*** Opening of Information supplied ***

lemma central_order_p_in_breaking_point:
  assumes bp: "breaking_point G x" and u: "u \<in> carrier G" "ord u = p"
    and central: "\<forall>y \<in> carrier G. u \<otimes> y = y \<otimes> u"
  shows "u \<in> generate G {x}"
proof -
  have x: "x \<in> carrier G" and x1: "x \<noteq> \<one>"
    using bp generate_one unfolding breaking_point_def by auto
  from bp u consider (below) g where "g \<in> carrier G" "generate G {u} \<subseteq> conj_set G g (generate G {x})"
    | (above) g where "g \<in> carrier G" "generate G {x} \<subseteq> conj_set G g (generate G {u})"
    unfolding breaking_point_def cls_le_def by blast
  then show ?thesis
  proof cases
    case below
    then show ?thesis
      using central_mem_conj_set[OF _ generate_singleton_subset[OF x] central]
        self_in_generate[OF u(1)] by blast
  next
    case above
    then have sub: "generate G {x} \<subseteq> generate G {u}"
      using conj_set_central[OF _ generate_singleton_subset[OF u(1)]
          generate_central[OF u(1) central]] by simp
    have "finite (generate G {u})"
      using finite_carrier generate_singleton_subset[OF u(1)] finite_subset by blast
    then have "ord x \<le> p"
      using card_mono[OF _ sub] card_generate_singleton x u by simp
    moreover have "p \<le> ord x"
      using ord_pow_ord_div_p(1)[OF x x1] ord_pos[OF x] by (simp add: dvd_imp_le)
    ultimately have "generate G {x} = generate G {u}"
      using generate_singleton_eq_if_ord_eq[OF finite_carrier u(1) x sub] u by simp
    then show ?thesis using self_in_generate[OF u(1)] by simp
  qed
qed
lemma bij_betw_cut_set_cycle:
  assumes n: "3 \<le> n"
  shows "bij_betw (cut_set (cycle_edges n)) (Pow {1..n-1}) (even_subsets (cycle_edges n))"
proof -
  have "cut_set (cycle_edges n) ` Pow {1..n-1} \<subseteq> even_subsets (cycle_edges n)"
    using even_card_cut_set_cycle[OF n] by (auto simp: even_subsets_def cut_set_def)
  moreover have "card (cut_set (cycle_edges n) ` Pow {1..n-1}) = card (even_subsets (cycle_edges n))"
    using inj_on_cut_set_cycle[OF n] n
    by (simp add: card_image card_Pow card_cycle_edges
        card_even_odd_subsets(1)[OF finite_cycle_edges cycle_edges_nonempty])
  ultimately have "cut_set (cycle_edges n) ` Pow {1..n-1} = even_subsets (cycle_edges n)"
    using finite_cycle_edges by (intro card_subset_eq) auto
  then show ?thesis
    using inj_on_cut_set_cycle[OF n] by (simp add: bij_betw_def)
qed

theorem proposition5:
  fixes n :: nat
  assumes "n \<ge> 3"
  shows "cut_volume n (cycle_edges n) = 1 - 2 ^ (n - 1) / fact n"
proof -
  have "cut_volume n (cycle_edges n)
      = measure (product_lborel (cycle_edges n)) (parity_polytope (cycle_edges n) \<inter> space (product_lborel (cycle_edges n)))"
    unfolding cut_volume_def cut_polytope_eq_parity_polytope[OF bij_betw_cut_set_cycle[OF assms]] ..
  also have "\<dots> = 1 - 2 ^ (n - 1) / fact n"
    using measure_parity_polytope[OF finite_cycle_edges cycle_edges_nonempty] card_cycle_edges[OF assms]
    by simp
  finally show ?thesis .
qed

end
lemma unital_channel_kraus_map:
  assumes M: "\<And>j. j < m \<Longrightarrow> M j \<in> carrier_mat d d" and c: "\<And>j. j < m \<Longrightarrow> c j \<ge> 0"
    and unital: "kraus_map d m c M (1\<^sub>m d) = 1\<^sub>m d"
    and trace_preserving: "kraus_map d m c (\<lambda>j. cadj (M j)) (1\<^sub>m d) = 1\<^sub>m d"
  shows "unital_channel d (kraus_map d m c M)"
  unfolding unital_channel_def
proof (intro conjI ballI unital)
  show "lin_map d (kraus_map d m c M)" using M by (rule lin_map_kraus_map)
  show "completely_positive d (kraus_map d m c M)" using M c by (rule completely_positive_kraus_map)
  show "mtrace (kraus_map d m c M X) = mtrace X" if "X \<in> carrier_mat d d" for X
    using M that trace_preserving by (rule mtrace_kraus_map)
qed

section \<open>Powers of Kraus maps\<close>

lemma index_sandwich_kraus_map:
  assumes M: "M \<in> carrier_mat d d" and K: "\<And>u. u < n \<Longrightarrow> K u \<in> carrier_mat d d"
    and X: "X \<in> carrier_mat d d" and ab: "a < d" "b < d"
  shows "(cadj M * kraus_map d n c K X * M) $$ (a,b)
    = (\<Sum>u<n. complex_of_real (c u) * (cadj M * (cadj (K u) * X * K u) * M) $$ (a,b))"
proof -
  have KXK: "cadj (K u) * X * K u \<in> carrier_mat d d" if "u < n" for u
    using K[OF that] X by simp
  have "(cadj M * kraus_map d n c K X * M) $$ (a,b)
      = (\<Sum>p<d. \<Sum>q<d. cnj (M $$ (p,a)) * kraus_map d n c K X $$ (p,q) * M $$ (q,b))"
    by (rule index_sandwich[OF M kraus_map_carrier ab])
  also have "\<dots> = (\<Sum>p<d. \<Sum>q<d. \<Sum>u<n. complex_of_real (c u) *
      (cnj (M $$ (p,a)) * (cadj (K u) * X * K u) $$ (p,q) * M $$ (q,b)))"
    by (intro sum.cong refl) (simp add: kraus_map_def sum_distrib_left sum_distrib_right mult_ac)
  also have "\<dots> = (\<Sum>u<n. \<Sum>p<d. \<Sum>q<d. complex_of_real (c u) *
      (cnj (M $$ (p,a)) * (cadj (K u) * X * K u) $$ (p,q) * M $$ (q,b)))"
    by (subst sum.swap, rule sum.cong[OF refl], rule sum.swap)
  also have "\<dots> = (\<Sum>u<n. complex_of_real (c u) * (cadj M * (cadj (K u) * X * K u) * M) $$ (a,b))"
    by (intro sum.cong refl) (simp add: index_sandwich[OF M KXK ab] sum_distrib_left)
  finally show ?thesis .
qed

lemma kraus_map_kraus_map:
  assumes K: "\<And>s. s < m \<Longrightarrow> K s \<in> carrier_mat d d" and L: "\<And>u. u < n \<Longrightarrow> L u \<in> carrier_mat d d"
    and X: "X \<in> carrier_mat d d"
  shows "kraus_map d m c K (kraus_map d n w L X)
    = kraus_map d (n*m) (\<lambda>i. w (i div m) * c (i mod m)) (\<lambda>i. L (i div m) * K (i mod m)) X"
proof (rule eq_matI)
  fix a b assume "a < dim_row (kraus_map d (n*m) (\<lambda>i. w (i div m) * c (i mod m)) (\<lambda>i. L (i div m) * K (i mod m)) X)"
    "b < dim_col (kraus_map d (n*m) (\<lambda>i. w (i div m) * c (i mod m)) (\<lambda>i. L (i div m) * K (i mod m)) X)"
  then have a: "a < d" and b: "b < d" by auto
  have "kraus_map d m c K (kraus_map d n w L X) $$ (a,b)
      = (\<Sum>s<m. complex_of_real (c s) * (cadj (K s) * kraus_map d n w L X * K s) $$ (a,b))"
    using a b by (simp add: kraus_map_def)
  also have "\<dots> = (\<Sum>s<m. \<Sum>u<n. complex_of_real (w u * c s) * (cadj (L u * K s) * X * (L u * K s)) $$ (a,b))"
  proof (intro sum.cong refl)
    fix s assume "s \<in> {..<m}"
    then have Ks: "K s \<in> carrier_mat d d" using K by simp
    show "complex_of_real (c s) * (cadj (K s) * kraus_map d n w L X * K s) $$ (a,b)
        = (\<Sum>u<n. complex_of_real (w u * c s) * (cadj (L u * K s) * X * (L u * K s)) $$ (a,b))"
      using index_sandwich_kraus_map[OF Ks L X a b]
      by (simp add: sandwich_mult[OF L Ks X] sum_distrib_left mult_ac)
  qed
  also have "\<dots> = (\<Sum>u<n. \<Sum>s<m. complex_of_real (w u * c s) * (cadj (L u * K s) * X * (L u * K s)) $$ (a,b))"
    by (rule sum.swap)
  also have "\<dots> = kraus_map d (n*m) (\<lambda>i. w (i div m) * c (i mod m)) (\<lambda>i. L (i div m) * K (i mod m)) X $$ (a,b)"
    using a b by (simp add: kraus_map_def sum_lessThan_mult_split)
  finally show "kraus_map d m c K (kraus_map d n w L X) $$ (a,b)
      = kraus_map d (n*m) (\<lambda>i. w (i div m) * c (i mod m)) (\<lambda>i. L (i div m) * K (i mod m)) X $$ (a,b)" .
qed simp_all

text \<open>The index \<open>u < m\<^sup>n\<close> encodes the word whose letters are the base-\<open>m\<close> digits
  \<open>u\<^sub>n\<^sub>-\<^sub>1 \<dots> u\<^sub>0\<close> of \<open>u\<close>; its Kraus operator is \<open>K u\<^sub>n\<^sub>-\<^sub>1 * \<dots> * K u\<^sub>0\<close>.\<close>

primrec word_mat :: "nat \<Rightarrow> nat \<Rightarrow> (nat \<Rightarrow> complex mat) \<Rightarrow> nat \<Rightarrow> nat \<Rightarrow> complex mat" where
  "word_mat d m K 0 u = 1\<^sub>m d"
| "word_mat d m K (Suc n) u = word_mat d m K n (u div m) * K (u mod m)"

primrec word_weight :: "nat \<Rightarrow> (nat \<Rightarrow> real) \<Rightarrow> nat \<Rightarrow> nat \<Rightarrow> real" where
  "word_weight m c 0 u = 1"
| "word_weight m c (Suc n) u = word_weight m c n (u div m) * c (u mod m)"

lemma word_mat_carrier:
  assumes "\<And>j. j < m \<Longrightarrow> K j \<in> carrier_mat d d" "m > 0"
  shows "word_mat d m K n u \<in> carrier_mat d d"
  using assms by (induction n arbitrary: u) auto

lemma funpow_kraus_map:
  assumes K: "\<And>j. j < m \<Longrightarrow> K j \<in> carrier_mat d d" and m: "m > 0" and X: "X \<in> carrier_mat d d"
  shows "(kraus_map d m c K ^^ n) X = kraus_map d (m^n) (word_weight m c n) (word_mat d m K n) X"
proof (induction n)
  case 0
  show ?case
    using X by (intro eq_matI) (auto simp: kraus_map_def)
next
  case (Suc n)
  have "(kraus_map d m c K ^^ Suc n) X = kraus_map d m c K (kraus_map d (m^n) (word_weight m c n) (word_mat d m K n) X)"
    using Suc.IH by simp
  also have "\<dots> = kraus_map d (m^n*m) (\<lambda>i. word_weight m c n (i div m) * c (i mod m))
      (\<lambda>i. word_mat d m K n (i div m) * K (i mod m)) X"
    using K X word_mat_carrier[of m K d, OF _ m] by (intro kraus_map_kraus_map) auto
  also have "\<dots> = kraus_map d (m^Suc n) (word_weight m c (Suc n)) (word_mat d m K (Suc n)) X"
  proof -
    have "word_weight m c (Suc n) = (\<lambda>i. word_weight m c n (i div m) * c (i mod m))"
      "word_mat d m K (Suc n) = (\<lambda>i. word_mat d m K n (i div m) * K (i mod m))"
      by auto
    then show ?thesis by (simp only: power_Suc2)
  qed
  finally show ?case .
qed

lemma word_weight_nonneg:
  assumes "\<And>s. s < m \<Longrightarrow> 0 \<le> c s" "0 < m"
  shows "0 \<le> word_weight m c n u"
  using assms by (induction n arbitrary: u) auto

lemma word_mat_zero:
  assumes "K 0 \<in> carrier_mat d d"
  shows "word_mat d m K n 0 = K 0 ^\<^sub>m n"
  using assms by (induction n) auto
lemma eventually_below_threshold:
  fixes \<psi> :: "'a \<Rightarrow> real^'n" and Q :: "nat \<Rightarrow> real^'n"
  assumes nonneg: "\<forall>u\<in>C. \<forall>y. 0 \<le> \<psi> u $ y"
    and u0: "u0 \<in> C" "q \<bullet> \<psi> u0 < r"
    and Q: "Q \<longlonglongrightarrow> q" and e: "e \<longlonglongrightarrow> 0"
    and U: "\<forall>j. U j \<in> C" "\<forall>j. Q j \<bullet> \<psi> (U j) \<le> Q j \<bullet> \<psi> u0 + e j"
    and bound: "\<forall>j. (\<Sum>y\<in>UNIV. \<psi> (U j) $ y) \<le> K"
  shows "eventually (\<lambda>j. q \<bullet> \<psi> (U j) < r) sequentially"
proof -
  define F where "F u = (\<Sum>y\<in>UNIV. \<psi> u $ y)" for u
  define \<gamma> where "\<gamma> = r - q \<bullet> \<psi> u0"
  define M where "M = \<bar>K\<bar> + F u0 + 1"
  have "0 \<le> F u0" unfolding F_def using nonneg u0(1) by (simp add: sum_nonneg)
  hence \<gamma>: "0 < \<gamma>" and M: "0 < M" using u0(2) unfolding \<gamma>_def M_def by auto
  have "eventually (\<lambda>j. dist (Q j) q < \<gamma> / (2 * M)) sequentially"
    using Q \<gamma> M by (intro tendstoD) auto
  moreover have "eventually (\<lambda>j. dist (e j) 0 < \<gamma> / 2) sequentially"
    using e \<gamma> by (intro tendstoD) auto
  ultimately show ?thesis
  proof eventually_elim
    case (elim j)
    have nn: "\<forall>y. 0 \<le> \<psi> (U j) $ y" "\<forall>y. 0 \<le> \<psi> u0 $ y" using nonneg U(1) u0(1) by auto
    have "\<bar>(q - Q j) \<bullet> \<psi> (U j)\<bar> \<le> norm (q - Q j) * F (U j)"
      unfolding F_def by (rule abs_inner_le_norm_mult_sum[OF nn(1)])
    hence "q \<bullet> \<psi> (U j) - Q j \<bullet> \<psi> (U j) \<le> norm (q - Q j) * F (U j)"
      by (simp add: inner_diff_left)
    moreover have "\<bar>(q - Q j) \<bullet> \<psi> u0\<bar> \<le> norm (q - Q j) * F u0"
      unfolding F_def by (rule abs_inner_le_norm_mult_sum[OF nn(2)])
    hence "Q j \<bullet> \<psi> u0 - q \<bullet> \<psi> u0 \<le> norm (q - Q j) * F u0"
      by (simp add: inner_diff_left)
    moreover have "norm (q - Q j) * F (U j) + norm (q - Q j) * F u0 \<le> norm (q - Q j) * M"
    proof -
      have "F (U j) + F u0 \<le> M"
        using bound[rule_format, of j] abs_ge_self[of K] unfolding M_def F_def by linarith
      thus ?thesis by (simp add: distrib_left[symmetric] mult_left_mono)
    qed
    moreover have "norm (q - Q j) * M < \<gamma> / 2"
      using elim M by (simp add: dist_norm norm_minus_commute field_simps)
    moreover have "e j < \<gamma> / 2" using elim by (simp add: dist_norm)
    moreover have "Q j \<bullet> \<psi> (U j) \<le> Q j \<bullet> \<psi> u0 + e j" using U(2) by blast
    ultimately show ?case unfolding \<gamma>_def by argo
  qed
qed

*** Close of Information supplied ***

▶ _Try it_
Which lines of the data include the string "then"? Copy each of them.

▶ _Solution to this exercise_
  then show ?thesis
    then show ?thesis
    then have sub: "generate G {x} \<subseteq> generate G {u}"
    then have "ord x \<le> p"
    then show ?thesis using self_in_generate[OF u(1)] by simp
  then show ?thesis
  then have a: "a < d" and b: "b < d" by auto
    then have Ks: "K s \<in> carrier_mat d d" using K by simp
    then show ?thesis by (simp only: power_Suc2)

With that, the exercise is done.